第70章 布施。

一连数日无雨, 天气越来越热。

街市上的人也越来越少,食肆的生意便大不如前了,自从元照和镇上那些商户商议过后, 倒是也有商户愿意与他一起布施。

到底那些商户还记着县令对师家格外照拂, 此事是元照牵头,那就是师无相牵头,必然能在县令跟前有些好印象。

日日都布施,恨不得连水都成问题,幸好在镇上的宅院修缮好了,再加上这几日的暴晒,随时都能就住进去, 里面的井水倒是也够用。

不过去宅院内打水也都是避着人,免得被知晓后再有人去偷水。

又一日布施完归家,村里也已经焦急起来, 田地如今旱的旱死,就算用井水河水也终究是治标不治本,只要不下雨, 就都是徒劳。

“村里现在难过,咱们更得低调些。”师张氏提醒着,“最近也吃得清淡些,平时要把门锁好, 左右镇上现在人不多,家里也留着点人。”

“那娘在家里照顾沅哥儿和然然, 我和小梅姐去镇上做事, 有什么事也能提前知晓。”元照直接就将这事安排好。

“好。”

家里的粮食也都分地方放起来了,毕竟鸡蛋不能放在同一个篮子里。

他们吃过晚饭便在屋檐下坐着,宽大的蒲扇虽然扇不走炽热, 却能扇走蚊虫,元照手里的扇子挥得很快,火绳也驱散了一些,倒是不觉得有多咬了。

“希望能尽早下雨,否则老百姓们可伤不起。”师张氏微微叹息,“也不知道阿越如何了,我都没功夫去看他。”

师家没有懂事的孩子没糖吃这谬论,越懂事的孩子就越招人稀罕,阿越看着不着调,但没做过拖后腿的事。

元照知道她担心,赶紧宽慰道:“娘您忘了,我前两日去看过他,还送了很多肉酱和腌菜,他精神也可好了,还说夫子夸他了。”

“知道他好,但没亲眼见着……”

“娘别担心,二哥哥可聪明了。”师清然也细声安抚着,声音里已然带上哽咽了。

不止他们,如今夜里会哭的人家不再少数,怕是都在哭这难熬的天日。

医馆药铺里却是挤满了人,中暑的不再少数,都要看不过来了。

元照不再只施粥,也布施熬煮好的避暑凉茶,味道虽难闻了些,但喝完确实有效果,也有人排着队要。

县衙。

郑县令急得嘴里长满了燎泡,喉咙沙哑,嘴唇干裂,他也已经尽力号召商户们布施了,但这些也都是杯水车薪。

“大人冷静些,您的身体要紧。”下人担忧地说着。

“若我吃好喝好百姓们就能安居乐业,我必然珍视自身,可如今百姓已然立于水火之中,我岂能冷静?”郑县令喉咙嘶哑,“我如今也是无计可施了,只希望能尽快降雨!”

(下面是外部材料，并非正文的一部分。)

(* For every $\epsilon>0$ there exist $m_0(\epsilon)$ and $p_0(\epsilon)$ such that for every prime $p>p_0(\epsilon)$ and every $f:\mathbb{Z}_p\to[0,1]$ there exist an integer $1\le m<m_0(\epsilon)$, integers $c_1,\dots,c_m$ that are pairwise distinct modulo $p$ and satisfy $|c_i|<p^{1-1/m}$, and a function $g:\mathbb{R}\to\mathbb{R}$ of the form $$g(\alpha)=p^{-1}\sum_{i=1}^m e^{-2\pi i c_i\alpha/p}\,\gamma_i\qquad(\alpha\in\mathbb{R})$$ for some complex numbers $\gamma_i$, such that (writing $\tilde g$ for the restriction of $g$ to $\{0,\dots,p-1\}$, viewed as a function on $\mathbb{Z}_p$; note $g$ is $p$-periodic and $\hat{\tilde g}(c_i)=\gamma_i$): (i) $\mathbb{E}(\tilde g)=\mathbb{E}(f)$; (ii) $g(\alpha)\in[-2\epsilon,1+2\epsilon]$ for all $\alpha\in\mathbb{R}$; (iii) $|\Lambda_3(\tilde g)-\Lambda_3(f)|<25\epsilon$.
   Context: For $f:\mathbb{Z}_p\to\mathbb{C}$: $\hat f(a)=\sum_{n\in\mathbb{Z}_p} f(n)e^{2\pi i a n/p}$, $\mathbb{E}(f)=\frac1p\sum_{n\in\mathbb{Z}_p}f(n)$, and $\Lambda_3(f)=\frac{1}{p^2}\sum_{n,d\in\mathbb{Z}_p} f(n)f(n+d)f(n+2d)$. *)

theory Defs
  imports Complex_Main "HOL-Computational_Algebra.Primes"
begin

text \<open>Functions on Z_p are represented as functions on nat, only their values on
  {0..<p} matter; residues are taken with mod p.\<close>

definition zp_mean :: "nat \<Rightarrow> (nat \<Rightarrow> real) \<Rightarrow> real" where
  "zp_mean p f = (1 / real p) * (\<Sum>n<p. f n)"

definition zp_Lambda3 :: "nat \<Rightarrow> (nat \<Rightarrow> real) \<Rightarrow> real" where
  "zp_Lambda3 p f = (1 / (real p)^2) *
     (\<Sum>n<p. \<Sum>d<p. f n * f ((n + d) mod p) * f ((n + 2 * d) mod p))"

end

theory Submission
  imports Defs "HOL-Number_Theory.Cong" "HOL-Library.FuncSet" "HOL-Library.Real_Mod"
begin

(*
  Mean and Lambda3 are invariant under dilations x |-> t x of Z_p, so it suffices to
  approximate a dilate h of f.  By Parseval f has fewer than K ~ 2 / eps^2 Fourier
  coefficients of size at least eps, counting also the frequencies a with a large coefficient
  at -2a.  Dirichlet's simultaneous approximation theorem yields a dilation t moving all of
  them to integers s with |s| < p / M, where M ~ p^(1/K).  Convolving h with the nonnegative
  kernel prod_{s in T} F_N(s x), a product of Fejer kernels, gives a [0,1]-valued g with the
  same mean whose Fourier coefficients are those of h times multipliers in [0,1] that exceed
  1 - 4/N on T.  Since Lambda3 h = sum_a h^(a)^2 h^(-2a), the large coefficients change
  little and the small ones are controlled by Parseval, so Lambda3 moves by at most
  2 eps + 12/N.  Finally g is a trigonometric polynomial with at most N^(2K) frequencies, all
  of size at most N sum_{s in T} |s| < p^(1 - 1/m).
*)

lemma sum_swap3:
  "(\<Sum>a\<in>A. \<Sum>x\<in>B. \<Sum>y\<in>C. f a x y) = (\<Sum>x\<in>B. \<Sum>y\<in>C. \<Sum>a\<in>A. f a x y)"
  by (subst sum.swap) (simp only: sum.swap[of _ A C])

lemma sum_comp_eq_sum_card_fibres:
  fixes G :: "'b \<Rightarrow> 'c::comm_semiring_1"
  assumes "finite I" "finite C" "f ` I \<subseteq> C"
  shows "(\<Sum>i\<in>I. G (f i)) = (\<Sum>x\<in>C. of_nat (card {i \<in> I. f i = x}) * G x)"
proof -
  have "(\<Sum>i\<in>I. G (f i)) = (\<Sum>x\<in>C. \<Sum>i\<in>{i \<in> I. f i = x}. G (f i))"
    using assms by (intro sum.group[symmetric]) auto
  also have "\<dots> = (\<Sum>x\<in>C. of_nat (card {i \<in> I. f i = x}) * G x)"
    by (intro sum.cong refl) simp
  finally show ?thesis .
qed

“百姓们已经在自发祈福了,各镇的伤亡也统计出来了。”师爷赶紧将好的消息放在最上面,挑他爱听的说,“清水镇的商户们半月前就一直在布施,到如今还没有因干旱死亡的。”

“清水镇?”郑县令有些诧异。

“对,我问过巡视的衙役,他们都说是师先生的夫郎牵头,起初是施粥,后来还送水,现在更是连避暑的凉茶都在布施了。”师爷颇为感慨的说着。

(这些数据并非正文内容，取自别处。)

(* Let $X$ be a spectral space. Then $\mathcal X'(X)$ with the Zariski topology is a spectral space, and its inverse topology coincides with the lower Vietoris topology on $\mathcal X'(X)$.
   Context: $\mathcal X'(X)$ is the set of nonempty closed subsets of $X$. Its Zariski topology has as basis of open sets $\mathcal U'(\Omega):=\{Y\in\mathcal X'(X)\mid Y\cap\Omega=\emptyset\}$, $\Omega$ ranging over quasi-compact open subsets of $X$. For a spectral space $Y$, the inverse topology on $Y$ is the topology having the quasi-compact open subsets of $Y$ as a basis of closed sets. The lower Vietoris topology on $\mathcal X'(X)$ is the topology with subbasis of open sets $U^-:=\{C\in\mathcal X'(X)\mid C\cap U\neq\emptyset\}$, $U$ ranging over open subsets of $X$. *)

theory Defs
  imports "HOL-Analysis.Analysis"
begin

definition qc_open :: "'a topology \<Rightarrow> 'a set \<Rightarrow> bool" where
  "qc_open X U \<longleftrightarrow> openin X U \<and> compactin X U"

definition irreducible_in :: "'a topology \<Rightarrow> 'a set \<Rightarrow> bool" where
  "irreducible_in X C \<longleftrightarrow> C \<subseteq> topspace X \<and> C \<noteq> {} \<and>
     (\<forall>A B. closedin X A \<and> closedin X B \<and> C \<subseteq> A \<union> B \<longrightarrow> C \<subseteq> A \<or> C \<subseteq> B)"

definition spectral_space :: "'a topology \<Rightarrow> bool" where
  "spectral_space X \<longleftrightarrow>
     compact_space X \<and> t0_space X \<and>
     (\<forall>U V. qc_open X U \<and> qc_open X V \<longrightarrow> qc_open X (U \<inter> V)) \<and>
     openin X = arbitrary union_of (qc_open X) \<and>
     (\<forall>C. closedin X C \<and> irreducible_in X C \<longrightarrow> (\<exists>x\<in>topspace X. X closure_of {x} = C))"

definition inverse_topology :: "'a topology \<Rightarrow> 'a topology" where
  "inverse_topology Y = topology_generated_by {topspace Y - U | U. qc_open Y U}"

definition Xprime :: "'a topology \<Rightarrow> 'a set set" where
  "Xprime X = {Y. closedin X Y \<and> Y \<noteq> {}}"

definition Uprime :: "'a topology \<Rightarrow> 'a set \<Rightarrow> 'a set set" where
  "Uprime X \<Omega> = {Y \<in> Xprime X. Y \<inter> \<Omega> = {}}"

definition zariski_Xprime :: "'a topology \<Rightarrow> 'a set topology" where
  "zariski_Xprime X = topology_generated_by {Uprime X \<Omega> | \<Omega>. qc_open X \<Omega>}"

definition lower_vietoris :: "'a topology \<Rightarrow> 'a set topology" where
  "lower_vietoris X = topology_generated_by {{C \<in> Xprime X. C \<inter> U \<noteq> {}} | U. openin X U}"

end

theory Submission
  imports Defs
begin

text \<open>The sets \<open>U'(\<Omega>)\<close> are closed under binary intersection, \<open>U'(\<Omega>) \<inter> U'(\<Omega>') = U'(\<Omega> \<union> \<Omega>')\<close>,
  so they form a basis of the Zariski topology; its open sets are therefore closed under passing to
  smaller nonempty closed sets. Since \<open>U'(\<Omega>)\<close> has the largest element \<open>X - \<Omega>\<close>, it is
  quasi-compact, and the quasi-compact opens of \<open>X'(X)\<close> are exactly the finite unions of the
  \<open>U'(\<Omega>)\<close>. For an irreducible closed family \<open>\<C>\<close>, irreducibility and quasi-compactness of
  \<open>\<Omega>\<close> show that a quasi-compact open \<open>\<Omega>\<close> disjoint from \<open>\<Inter>\<C>\<close> is disjoint from a member of
  \<open>\<C>\<close>; hence \<open>\<Inter>\<C>\<close> is nonempty, belongs to \<open>\<C>\<close> and is its generic point. Finally the
  complement of \<open>U'(\<Omega>)\<close> is the lower Vietoris set \<open>\<Omega>\<^sup>-\<close>, and \<open>U\<^sup>-\<close> is the union of the \<open>\<Omega>\<^sup>-\<close>
  with \<open>\<Omega> \<subseteq> U\<close> quasi-compact, so both topologies have the same subbasic open sets.\<close>

lemma topology_generated_by_eqI:
  assumes "\<And>s. s \<in> \<S> \<Longrightarrow> openin (topology_generated_by \<T>) s"
    and "\<And>t. t \<in> \<T> \<Longrightarrow> openin (topology_generated_by \<S>) t"
  shows "topology_generated_by \<S> = topology_generated_by \<T>"
  unfolding topology_eq
proof (intro allI iffI)
  fix s
  assume "openin (topology_generated_by \<S>) s"
  then show "openin (topology_generated_by \<T>) s"
    using generate_topology_on_coarsest[OF istopology_openin assms(1)] openin_topology_generated_by
    by blast
next
  fix s
  assume "openin (topology_generated_by \<T>) s"
  then show "openin (topology_generated_by \<S>) s"
    using generate_topology_on_coarsest[OF istopology_openin assms(2)] openin_topology_generated_by
    by blast
qed

lemma openin_topology_generated_by_Int_closed:
  assumes "\<And>A B. A \<in> \<B> \<Longrightarrow> B \<in> \<B> \<Longrightarrow> A \<inter> B \<in> \<B>"
  shows "openin (topology_generated_by \<B>) = arbitrary union_of (\<lambda>V. V \<in> \<B>)"
proof -
  have top: "istopology (arbitrary union_of (\<lambda>V. V \<in> \<B>))"
    using assms by (intro istopology_base)
  have "generate_topology_on \<B> = arbitrary union_of (\<lambda>V. V \<in> \<B>)"
  proof (intro ext iffI)
    fix V assume "generate_topology_on \<B> V"
    then show "(arbitrary union_of (\<lambda>V. V \<in> \<B>)) V"
      by (rule generate_topology_on_coarsest[OF top, rotated]) (simp add: arbitrary_union_of_inc)
  next
    fix V assume "(arbitrary union_of (\<lambda>V. V \<in> \<B>)) V"
    then obtain \<U> where "\<U> \<subseteq> \<B>" "V = \<Union>\<U>"
      unfolding union_of_def by auto
    then show "generate_topology_on \<B> V"
      by (auto intro: generate_topology_on.UN generate_topology_on.Basis)
  qed
  then show ?thesis
    using topology_inverse'[OF istopology_generate_topology_on] by metis
qed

难得听到好消息,郑县令愁苦的脸上也隐隐有了一丝笑意。

很快就再怒起来,“清水镇的赋税并非大头,连他们都能自掏腰包将镇子撑起来,那其他镇自然也能!来人!去传本官命令,每镇赋税在前的商户必须布施,否则本官绝不轻饶!若是积极配合,待渡过难关,本官便会上报以待夸奖!”

“是!”

郑县令并不愿意将手伸进别人的钱袋里,但事情已然到了如今这般天地,他纵使再不愿,也得硬下心来,否则不知要死伤多少。

且他还要去清水镇看看,就当是敲打其他镇子。

清水镇并不是富庶的镇子,但有元照带着商户们布施,反倒是做出了一番实事,百姓中自然也有认得的人,也就悄悄递话给亲戚,使得来镇上的人越来越多了。

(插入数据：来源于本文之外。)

lemma section_schur_cos_mixture_le:
  fixes A X :: "nat \<Rightarrow> nat \<Rightarrow> 'a::real_normed_field" and K :: nat
  assumes X: "mat_op_norm X \<le> 1" and w: "\<And>k. k < K \<Longrightarrow> w k \<ge> 0"
    and A: "\<And>i j. i < n \<Longrightarrow> j < n \<Longrightarrow> A i j = of_real (\<Sum>k<K. w k * cos (a k i - b k j))"
  shows "(\<Sum>i<n. (norm (\<Sum>j<n. schur_prod A X i j * x j))^2)
    \<le> (\<Sum>k<K. w k)^2 * (\<Sum>j<n. (norm (x j))^2)"
proof -
  define V where "V k i = (\<Sum>j<n. of_real (cos (a k i - b k j)) * X i j * x j)" for k i
  define nx where "nx = (\<Sum>j<n. (norm (x j))^2)"
  have nx: "nx \<ge> 0" unfolding nx_def by (simp add: sum_nonneg)
  have row: "(\<Sum>j<n. schur_prod A X i j * x j) = (\<Sum>k<K. w k *\<^sub>R V k i)" if "i < n" for i
  proof -
    have "(\<Sum>j<n. schur_prod A X i j * x j) =
        (\<Sum>j<n. \<Sum>k<K. w k *\<^sub>R (of_real (cos (a k i - b k j)) * X i j * x j))"
      unfolding schur_prod_def scaleR_conv_of_real
      by (intro sum.cong refl) (simp add: A that sum_distrib_right mult.assoc)
    also have "\<dots> = (\<Sum>k<K. w k *\<^sub>R V k i)"
      unfolding V_def scaleR_sum_right by (rule sum.swap)
    finally show ?thesis .
  qed
  have "L2_set (\<lambda>i. norm (\<Sum>j<n. schur_prod A X i j * x j)) {..<n}
      = L2_set (\<lambda>i. norm (\<Sum>k<K. w k *\<^sub>R V k i)) {..<n}"
    by (rule L2_set_cong) (simp_all add: row)
  also have "\<dots> \<le> (\<Sum>k<K. w k * L2_set (\<lambda>i. norm (V k i)) {..<n})"
    by (rule L2_set_norm_sum_scaleR_le) (auto intro: w)
  also have "\<dots> \<le> (\<Sum>k<K. w k * sqrt nx)"
  proof (intro sum_mono mult_left_mono)
    fix k
    show "L2_set (\<lambda>i. norm (V k i)) {..<n} \<le> sqrt nx"
      unfolding L2_set_def V_def nx_def
      by (intro real_sqrt_le_mono section_schur_cos_diff_le[OF X])
  qed (simp add: w)
  also have "\<dots> = (\<Sum>k<K. w k) * sqrt nx"
    by (simp add: sum_distrib_right)
  finally have "(L2_set (\<lambda>i. norm (\<Sum>j<n. schur_prod A X i j * x j)) {..<n})^2
      \<le> ((\<Sum>k<K. w k) * sqrt nx)^2"
    by (intro power_mono) (simp_all add: L2_set_nonneg)
  then show ?thesis
    unfolding L2_set_def nx_def[symmetric] power_mult_distrib real_sqrt_pow2[OF nx]
    by (simp add: sum_nonneg)
qed

lemma section_schur_bidiag_le:
  fixes X :: "nat \<Rightarrow> nat \<Rightarrow> 'a::real_normed_field"
  assumes X: "mat_op_norm X \<le> 1" and M: "n < M"
  shows "(\<Sum>i<n. (norm (\<Sum>j<n. schur_prod bidiag_ones X i j * x j))^2)
    \<le> (bidiag_bound M)^2 * (\<Sum>j<n. (norm (x j))^2)"
proof -
  have "(bidiag_ones i j :: 'a) =
      of_real (\<Sum>k<M. node_weight M k * cos ((real i + 1/2) * node M k - real j * node M k))"
    if "i < n" "j < n" for i j
  proof -
    have "(real i + 1/2) * node M k - real j * node M k = (real i - real j + 1/2) * node M k" for k
      by (simp add: algebra_simps)
    then show ?thesis
      using bidiag_ones_node_expansion[of i M j] that M by (subst bidiag_ones_of_real) simp
  qed
  from section_schur_cos_mixture_le[OF X node_weight_nonneg this]
  show ?thesis using M by (simp add: sum_node_weight)
qed

lemma mat_op_norm_schur_bidiag_le:
  fixes X :: "nat \<Rightarrow> nat \<Rightarrow> 'a::real_normed_field"
  assumes X: "mat_op_norm X \<le> 1"
  shows "mat_op_norm (schur_prod bidiag_ones X) \<le> ereal (4 / pi)"
proof (rule mat_op_norm_leI)
  fix n and x :: "nat \<Rightarrow> 'a"
  have "(\<lambda>M. (bidiag_bound M)^2 * (\<Sum>j<n. (norm (x j))^2)) \<longlonglongrightarrow> (4 / pi)^2 * (\<Sum>j<n. (norm (x j))^2)"
    by (intro tendsto_intros bidiag_bound_tendsto)
  then show "(\<Sum>i<n. (norm (\<Sum>j<n. schur_prod bidiag_ones X i j * x j))^2) \<le> (4 / pi)^2 * (\<Sum>j<n. (norm (x j))^2)"
    by (rule LIMSEQ_le_const) (use section_schur_bidiag_le[OF X] in \<open>auto intro!: exI[of _ "Suc n"]\<close>)
qed simp

lemma schur_norm_bidiag_le: "schur_norm (bidiag_ones :: nat \<Rightarrow> nat \<Rightarrow> 'a::real_normed_field) \<le> ereal (4 / pi)"
  unfolding schur_norm_def by (rule SUP_least) (simp add: mat_op_norm_schur_bidiag_le)

lemma mat_op_norm_Re_le:
  fixes X :: "nat \<Rightarrow> nat \<Rightarrow> complex"
  shows "mat_op_norm (\<lambda>i j. Re (X i j)) \<le> mat_op_norm X"
  unfolding mat_op_norm_def[of "\<lambda>i j. Re (X i j)"]
proof (intro SUP_least)
  fix n and x :: "nat \<Rightarrow> real"
  assume "x \<in> {x. (\<Sum>j<n. (norm (x j))^2) \<le> 1}"
  then have x: "(\<Sum>j<n. (norm (complex_of_real (x j)))^2) \<le> 1" by simp
  have "(\<Sum>i<n. (norm (\<Sum>j<n. Re (X i j) * x j))^2) = (\<Sum>i<n. (Re (\<Sum>j<n. X i j * of_real (x j)))^2)"
    by simp
  also have "\<dots> \<le> (\<Sum>i<n. (cmod (\<Sum>j<n. X i j * of_real (x j)))^2)"
    by (intro sum_mono) (metis abs_Re_le_cmod abs_le_square_iff abs_norm_cancel)
  finally have "ereal (sqrt (\<Sum>i<n. (norm (\<Sum>j<n. Re (X i j) * x j))^2))
      \<le> ereal (sqrt (\<Sum>i<n. (norm (\<Sum>j<n. X i j * of_real (x j)))^2))"
    by simp
  also have "\<dots> \<le> mat_op_norm X"
    by (rule mat_op_norm_section_ge[OF x])
  finally show "ereal (sqrt (\<Sum>i<n. (norm (\<Sum>j<n. Re (X i j) * x j))^2)) \<le> mat_op_norm X" .
qed

lemma schur_bidiag_row_sum:
  fixes X :: "nat \<Rightarrow> nat \<Rightarrow> 'a::ring_1"
  assumes "Suc i < N"
  shows "(\<Sum>j<N. schur_prod bidiag_ones X i j * y j) = X i i * y i + X i (Suc i) * y (Suc i)"
proof -
  have "(\<Sum>j<N. schur_prod bidiag_ones X i j * y j) = (\<Sum>j\<in>{i, Suc i}. X i j * y j)"
    by (rule sum.mono_neutral_cong_right)
      (use assms in \<open>auto simp: schur_prod_def bidiag_ones_def\<close>)
  then show ?thesis by simp
qed

text \<open>Only the last row of the N \<times> N section misses its superdiagonal entry, whence the factor
  \<surd>((N-1)/N) when testing on the constant unit vector.\<close>

lemma mat_op_norm_schur_bidiag_ge:
  fixes X :: "nat \<Rightarrow> nat \<Rightarrow> 'a::real_normed_field"
  assumes N: "N > 0" and c: "c \<ge> 0"
    and diag: "\<And>i. Suc i < N \<Longrightarrow> c \<le> norm (X i i + X i (Suc i))"
  shows "ereal (sqrt ((real N - 1) / real N) * c) \<le> mat_op_norm (schur_prod bidiag_ones X)"
proof -
  define x :: "nat \<Rightarrow> 'a" where "x j = of_real (1 / sqrt (real N))" for j
  define S where "S = (\<Sum>i<N. (norm (\<Sum>j<N. schur_prod bidiag_ones X i j * x j))^2)"
  have x: "(\<Sum>j<N. (norm (x j))^2) \<le> 1"
    unfolding x_def norm_of_real using N by (simp add: power_divide)
  have row: "c^2 / real N \<le> (norm (\<Sum>j<N. schur_prod bidiag_ones X i j * x j))^2" if i: "Suc i < N" for i
  proof -
    have "c^2 \<le> (norm (X i i + X i (Suc i)))^2"
      using diag[OF i] c by (intro power_mono) auto
    also have "\<dots> = real N * (norm (\<Sum>j<N. schur_prod bidiag_ones X i j * x j))^2"
    proof -
      have "(\<Sum>j<N. schur_prod bidiag_ones X i j * x j) = (X i i + X i (Suc i)) * of_real (1 / sqrt (real N))"
        unfolding schur_bidiag_row_sum[OF i] x_def by (simp only: distrib_right)
      then show ?thesis
        using N by (simp add: norm_divide power_divide)
    qed
    finally show ?thesis using N by (simp add: field_simps)
  qed
  have "(real N - 1) / real N * c^2 = (\<Sum>i<N - 1. c^2 / real N)"
    using N by (simp add: of_nat_diff)
  also have "\<dots> \<le> (\<Sum>i<N - 1. (norm (\<Sum>j<N. schur_prod bidiag_ones X i j * x j))^2)"
    by (rule sum_mono) (use row in auto)
  also have "\<dots> \<le> S"
    unfolding S_def by (rule sum_mono2) auto
  finally have bound: "(real N - 1) / real N * c^2 \<le> S" .
  have "sqrt ((real N - 1) / real N) * c = sqrt ((real N - 1) / real N * c^2)"
    by (simp only: real_sqrt_mult real_sqrt_abs abs_of_nonneg[OF c])
  also have "\<dots> \<le> sqrt S"
    using bound by (rule real_sqrt_le_mono)
  finally have "ereal (sqrt ((real N - 1) / real N) * c) \<le> ereal (sqrt S)"
    by (simp only: ereal_less_eq)
  also have "\<dots> \<le> mat_op_norm (schur_prod bidiag_ones X)"
    unfolding S_def by (rule mat_op_norm_section_ge[OF x])
  finally show ?thesis .
qed

lemma sqrt_pred_div_tendsto_one: "(\<lambda>N. sqrt ((real N - 1) / real N)) \<longlonglongrightarrow> 1"
  by real_asymp

lemma schur_norm_bidiag_eq:
  fixes T :: "nat \<Rightarrow> nat \<Rightarrow> nat \<Rightarrow> 'a::real_normed_field"
  assumes T: "\<And>N. N > 0 \<Longrightarrow> mat_op_norm (T N) \<le> 1"
    and diag: "\<And>N i. Suc i < N \<Longrightarrow> bidiag_bound N \<le> norm (T N i i + T N i (Suc i))"
  shows "schur_norm (bidiag_ones :: nat \<Rightarrow> nat \<Rightarrow> 'a) = ereal (4 / pi)"
proof (rule antisym[OF schur_norm_bidiag_le])
  have lower: "ereal (sqrt ((real N - 1) / real N) * bidiag_bound N) \<le> schur_norm (bidiag_ones :: nat \<Rightarrow> nat \<Rightarrow> 'a)"
    if N: "N > 0" for N
    using mat_op_norm_schur_bidiag_ge[where X="T N", OF N bidiag_bound_nonneg diag] T[OF N]
    unfolding schur_norm_def by (blast intro: SUP_upper2)
  have "(\<lambda>N. sqrt ((real N - 1) / real N) * bidiag_bound N) \<longlonglongrightarrow> 1 * (4 / pi)"
    by (intro tendsto_mult bidiag_bound_tendsto sqrt_pred_div_tendsto_one)
  then have "(\<lambda>N. ereal (sqrt ((real N - 1) / real N) * bidiag_bound N)) \<longlonglongrightarrow> ereal (4 / pi)"
    by simp
  then show "ereal (4 / pi) \<le> schur_norm (bidiag_ones :: nat \<Rightarrow> nat \<Rightarrow> 'a)"
    by (rule LIMSEQ_le_const2) (use lower in \<open>auto intro!: exI[of _ 1]\<close>)
qed

lemma sum_norm_sq_orthogonal_combination:
  fixes u :: "nat \<Rightarrow> nat \<Rightarrow> complex" and a :: "nat \<Rightarrow> complex"
  assumes orth: "\<And>k k'. k < K \<Longrightarrow> k' < K \<Longrightarrow>
      (\<Sum>i<N. u k i * cnj (u k' i)) = (if k = k' then of_real c else 0)"
  shows "(\<Sum>i<N. (cmod (\<Sum>k<K. a k * u k i))^2) = c * (\<Sum>k<K. (cmod (a k))^2)"
proof -
  have "complex_of_real (\<Sum>i<N. (cmod (\<Sum>k<K. a k * u k i))^2)
     = (\<Sum>i<N. (\<Sum>k<K. a k * u k i) * cnj (\<Sum>k<K. a k * u k i))"
    by (simp only: of_real_sum complex_norm_square)
  also have "\<dots> = (\<Sum>i<N. \<Sum>k<K. \<Sum>k'<K. a k * cnj (a k') * (u k i * cnj (u k' i)))"
    unfolding cnj_sum sum_product complex_cnj_mult by (intro sum.cong refl) (simp only: mult_ac)
  also have "\<dots> = (\<Sum>k<K. \<Sum>k'<K. a k * cnj (a k') * (\<Sum>i<N. u k i * cnj (u k' i)))"
    by (simp add: sum_distrib_left sum.swap[of _ "{..<N}"])
  also have "\<dots> = (\<Sum>k<K. a k * cnj (a k) * of_real c)"
    by (simp add: orth if_distrib cong: if_cong)
  also have "\<dots> = complex_of_real (c * (\<Sum>k<K. (cmod (a k))^2))"
    unfolding of_real_mult of_real_sum sum_distrib_left complex_norm_square by (simp only: mult_ac)
  finally show ?thesis by (simp only: of_real_eq_iff)
qed

lemma fourier_nodes_columns_orthogonal:
  assumes "k < M" "k' < M"
  shows "(\<Sum>i<M. cis (real i * node M k) * cnj (cis (real i * node M k'))) = (if k = k' then of_nat M else 0)"
proof -
  have M: "M > 0" using assms by simp
  have "cis (real i * node M k) * cnj (cis (real i * node M k')) =
      cis (2 * pi * real i * of_int (int k - int k') / real M)" for i
    unfolding cis_cnj cis_mult
    by (rule arg_cong[where f = cis]) (use M in \<open>simp add: node_def field_simps\<close>)
  then show ?thesis
    using sum_cis_roots_of_unity[OF M, of "int k - int k'"] assms by simp
qed

lemma fourier_nodes_rows_orthogonal:
  assumes "j < M" "j' < M"
  shows "(\<Sum>k<M. cnj (cis (real j * node M k)) * cis (real j' * node M k)) = (if j = j' then of_nat M else 0)"
proof -
  have "cnj (cis (real j * node M k)) * cis (real j' * node M k) = cis (of_int (int j' - int j) * node M k)" for k
    unfolding cis_cnj cis_mult by (simp add: algebra_simps)
  then show ?thesis
    using sum_cis_int_mult_node[of M "int j' - int j"] assms by auto
qed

“元老板,这难民越来越多了,咱们就算是国库,也有被掏空的一日啊!”一商户挺着肚子使劲扇着扇子低声提醒元照,“咱们总得顾好自己啊!”

“我明白叔伯的意思,只是事情都做了,也不能半途而废,否则咱们之前不都白做了吗?”元照舔了舔干涩的唇,朝瑟缩在墙根底下的人群抬抬下巴,“和他们比起来,咱们不是还好很多吗?”

“怎么就跟你说不明白!这就不是咱们该管的事啊!这是老天爷的事,日日布施也没人能瞧见知道,这不白费功夫嘛!”大肚商户急得圆脸都皱起来了。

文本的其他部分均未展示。